Saved data entries:
definition narrow :: "'a::order set \<Rightarrow> bool" where
  "narrow A \<longleftrightarrow> (\<forall>B \<subseteq> A. (\<forall>x\<in>B. \<forall>y\<in>B. x \<noteq> y \<longrightarrow> \<not> x \<le> y \<and> \<not> y \<le> x) \<longrightarrow> finite B)"

definition strictly_ordered_monoid :: "'a::{comm_monoid_add, order} itself \<Rightarrow> bool" where
  "strictly_ordered_monoid _ \<longleftrightarrow> (\<forall>s s' t :: 'a. s < s' \<longrightarrow> s + t < s' + t)"

definition monoid_algebra :: "('a \<Rightarrow> 'r::zero) set" where
  "monoid_algebra = {f. finite (supp f)}"

definition gen_power_series :: "('a::order \<Rightarrow> 'r::zero) set" where
  "gen_power_series = {f. artinian (supp f) \<and> narrow (supp f)}"

definition conv :: "('a::comm_monoid_add \<Rightarrow> 'r::comm_ring_1) \<Rightarrow> ('a \<Rightarrow> 'r) \<Rightarrow> 'a \<Rightarrow> 'r" where
  "conv f g s = (\<Sum>(u, v) \<in> {(u, v). u + v = s \<and> f u \<noteq> 0 \<and> g v \<noteq> 0}. f u * g v)"

definition rota_baxter :: "('a::comm_monoid_add \<Rightarrow> 'r::comm_ring_1) set \<Rightarrow> (('a \<Rightarrow> 'r) \<Rightarrow> ('a \<Rightarrow> 'r)) \<Rightarrow> bool" where
  "rota_baxter A P \<longleftrightarrow>
     (\<forall>x\<in>A. P x \<in> A) \<and>
     (\<forall>x\<in>A. \<forall>y\<in>A. P (\<lambda>s. x s + y s) = (\<lambda>s. P x s + P y s)) \<and>
     (\<forall>c. \<forall>x\<in>A. P (\<lambda>s. c * x s) = (\<lambda>s. c * P x s)) \<and>
     (\<forall>x\<in>A. \<forall>y\<in>A. conv (P x) (P y) = (\<lambda>s. P (conv x (P y)) s + P (conv (P x) y) s - P (conv x y) s))"

end

theory Submission
  imports Defs "HOL-Library.Ramsey"
begin

text \<open>Assume \<open>1 \<noteq> 0\<close>. Evaluating the Rota-Baxter identity for the projection onto \<open>S\<^sub>1\<close>
  on two monomials \<open>u\<close>, \<open>v\<close> at \<open>u + v\<close> shows that it can hold only if both \<open>S\<^sub>1\<close> and its
  complement are closed under addition. Conversely, under this closure condition the identity
  holds term by term in the convolution sums, which makes sense in any algebra of functions
  whose convolution fibres are finite. That is trivial for the monoid algebra; for generalized
  power series it follows from Ramsey's theorem: infinitely many decompositions \<open>s = u\<^sub>i + v\<^sub>i\<close>
  with artinian narrow supports contain some \<open>i < j\<close> with \<open>u\<^sub>i \<le> u\<^sub>j\<close> and \<open>v\<^sub>i \<le> v\<^sub>j\<close>, which
  a strictly ordered monoid forbids. So both sides are equivalent to the same closure condition.\<close>

lemma artinian_subset: "artinian B \<Longrightarrow> A \<subseteq> B \<Longrightarrow> artinian A"
  unfolding artinian_def by blast
lemma bounded_Lp_op_cong_AE:
  assumes "finite_measure M" "0 < p" "bounded_Lp_op M p T"
    and "f \<in> Lp_space M p" "g \<in> borel_measurable M" "AE x in M. f x = g x"
  shows "T f = T g"
proof -
  have g: "g \<in> Lp_space M p"
    using Lp_space_cong_AE[OF assms(4-6)] .
  have "T (\<lambda>x. 1 * f x + (-1) * g x) = 0"
    using assms(4-6) unfolding Lp_space_def
    by (intro bounded_Lp_op_AE_zero[OF assms(1-3)]) auto
  then show ?thesis
    using bounded_Lp_op_linear[OF assms(3,4) g, of 1 "-1"] by simp
qed

lemma bounded_Lp_op_mult_Linf:
  assumes "0 < p" "bounded_Lp_op M p T" "g \<in> Linf_space M"
  shows "bounded_Lp_op M p (\<lambda>f. T (\<lambda>x. g x * f x))"
proof -
  obtain K where g: "g \<in> borel_measurable M" "AE x in M. \<bar>g x\<bar> \<le> K"
    using assms(3) unfolding Linf_space_def by auto
  note mult = Lp_space_mult_AE_bounded[OF assms(1) g]
  obtain C where C: "0 \<le> C" "\<And>f. f \<in> Lp_space M p \<Longrightarrow> norm (T f) \<le> C * Lp_norm M p f"
    using bounded_Lp_op_norm_bound[OF assms(2)] by blast
  show ?thesis
    unfolding bounded_Lp_op_def
  proof (intro conjI ballI allI exI)
    fix f f' a b
    assume "f \<in> Lp_space M p" "f' \<in> Lp_space M p"
    then show "T (\<lambda>x. g x * (a * f x + b * f' x)) = a *\<^sub>R T (\<lambda>x. g x * f x) + b *\<^sub>R T (\<lambda>x. g x * f' x)"
      using bounded_Lp_op_linear[OF assms(2) mult(1) mult(1)] by (simp add: algebra_simps)
  next
    fix f
    assume f: "f \<in> Lp_space M p"
    have "norm (T (\<lambda>x. g x * f x)) \<le> C * Lp_norm M p (\<lambda>x. g x * f x)"
      using C(2) mult(1)[OF f] .
    also have "\<dots> \<le> C * (\<bar>K\<bar> * Lp_norm M p f)"
      using mult(2)[OF f] C(1) by (rule mult_left_mono)
    finally show "norm (T (\<lambda>x. g x * f x)) \<le> C * \<bar>K\<bar> * Lp_norm M p f"
      by (simp add: mult.assoc)
  qed
qed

§ What the task requires:
In exact wording, restate the lines of the data above from the first through the one holding "whose convolution fibres", and stop after that line.

§ Problem solution:
definition narrow :: "'a::order set \<Rightarrow> bool" where
  "narrow A \<longleftrightarrow> (\<forall>B \<subseteq> A. (\<forall>x\<in>B. \<forall>y\<in>B. x \<noteq> y \<longrightarrow> \<not> x \<le> y \<and> \<not> y \<le> x) \<longrightarrow> finite B)"

definition strictly_ordered_monoid :: "'a::{comm_monoid_add, order} itself \<Rightarrow> bool" where
  "strictly_ordered_monoid _ \<longleftrightarrow> (\<forall>s s' t :: 'a. s < s' \<longrightarrow> s + t < s' + t)"

definition monoid_algebra :: "('a \<Rightarrow> 'r::zero) set" where
  "monoid_algebra = {f. finite (supp f)}"

definition gen_power_series :: "('a::order \<Rightarrow> 'r::zero) set" where
  "gen_power_series = {f. artinian (supp f) \<and> narrow (supp f)}"

definition conv :: "('a::comm_monoid_add \<Rightarrow> 'r::comm_ring_1) \<Rightarrow> ('a \<Rightarrow> 'r) \<Rightarrow> 'a \<Rightarrow> 'r" where
  "conv f g s = (\<Sum>(u, v) \<in> {(u, v). u + v = s \<and> f u \<noteq> 0 \<and> g v \<noteq> 0}. f u * g v)"

definition rota_baxter :: "('a::comm_monoid_add \<Rightarrow> 'r::comm_ring_1) set \<Rightarrow> (('a \<Rightarrow> 'r) \<Rightarrow> ('a \<Rightarrow> 'r)) \<Rightarrow> bool" where
  "rota_baxter A P \<longleftrightarrow>
     (\<forall>x\<in>A. P x \<in> A) \<and>
     (\<forall>x\<in>A. \<forall>y\<in>A. P (\<lambda>s. x s + y s) = (\<lambda>s. P x s + P y s)) \<and>
     (\<forall>c. \<forall>x\<in>A. P (\<lambda>s. c * x s) = (\<lambda>s. c * P x s)) \<and>
     (\<forall>x\<in>A. \<forall>y\<in>A. conv (P x) (P y) = (\<lambda>s. P (conv x (P y)) s + P (conv (P x) y) s - P (conv x y) s))"

end

theory Submission
  imports Defs "HOL-Library.Ramsey"
begin

text \<open>Assume \<open>1 \<noteq> 0\<close>. Evaluating the Rota-Baxter identity for the projection onto \<open>S\<^sub>1\<close>
  on two monomials \<open>u\<close>, \<open>v\<close> at \<open>u + v\<close> shows that it can hold only if both \<open>S\<^sub>1\<close> and its
  complement are closed under addition. Conversely, under this closure condition the identity
  holds term by term in the convolution sums, which makes sense in any algebra of functions
  whose convolution fibres are finite. That is trivial for the monoid algebra; for generalized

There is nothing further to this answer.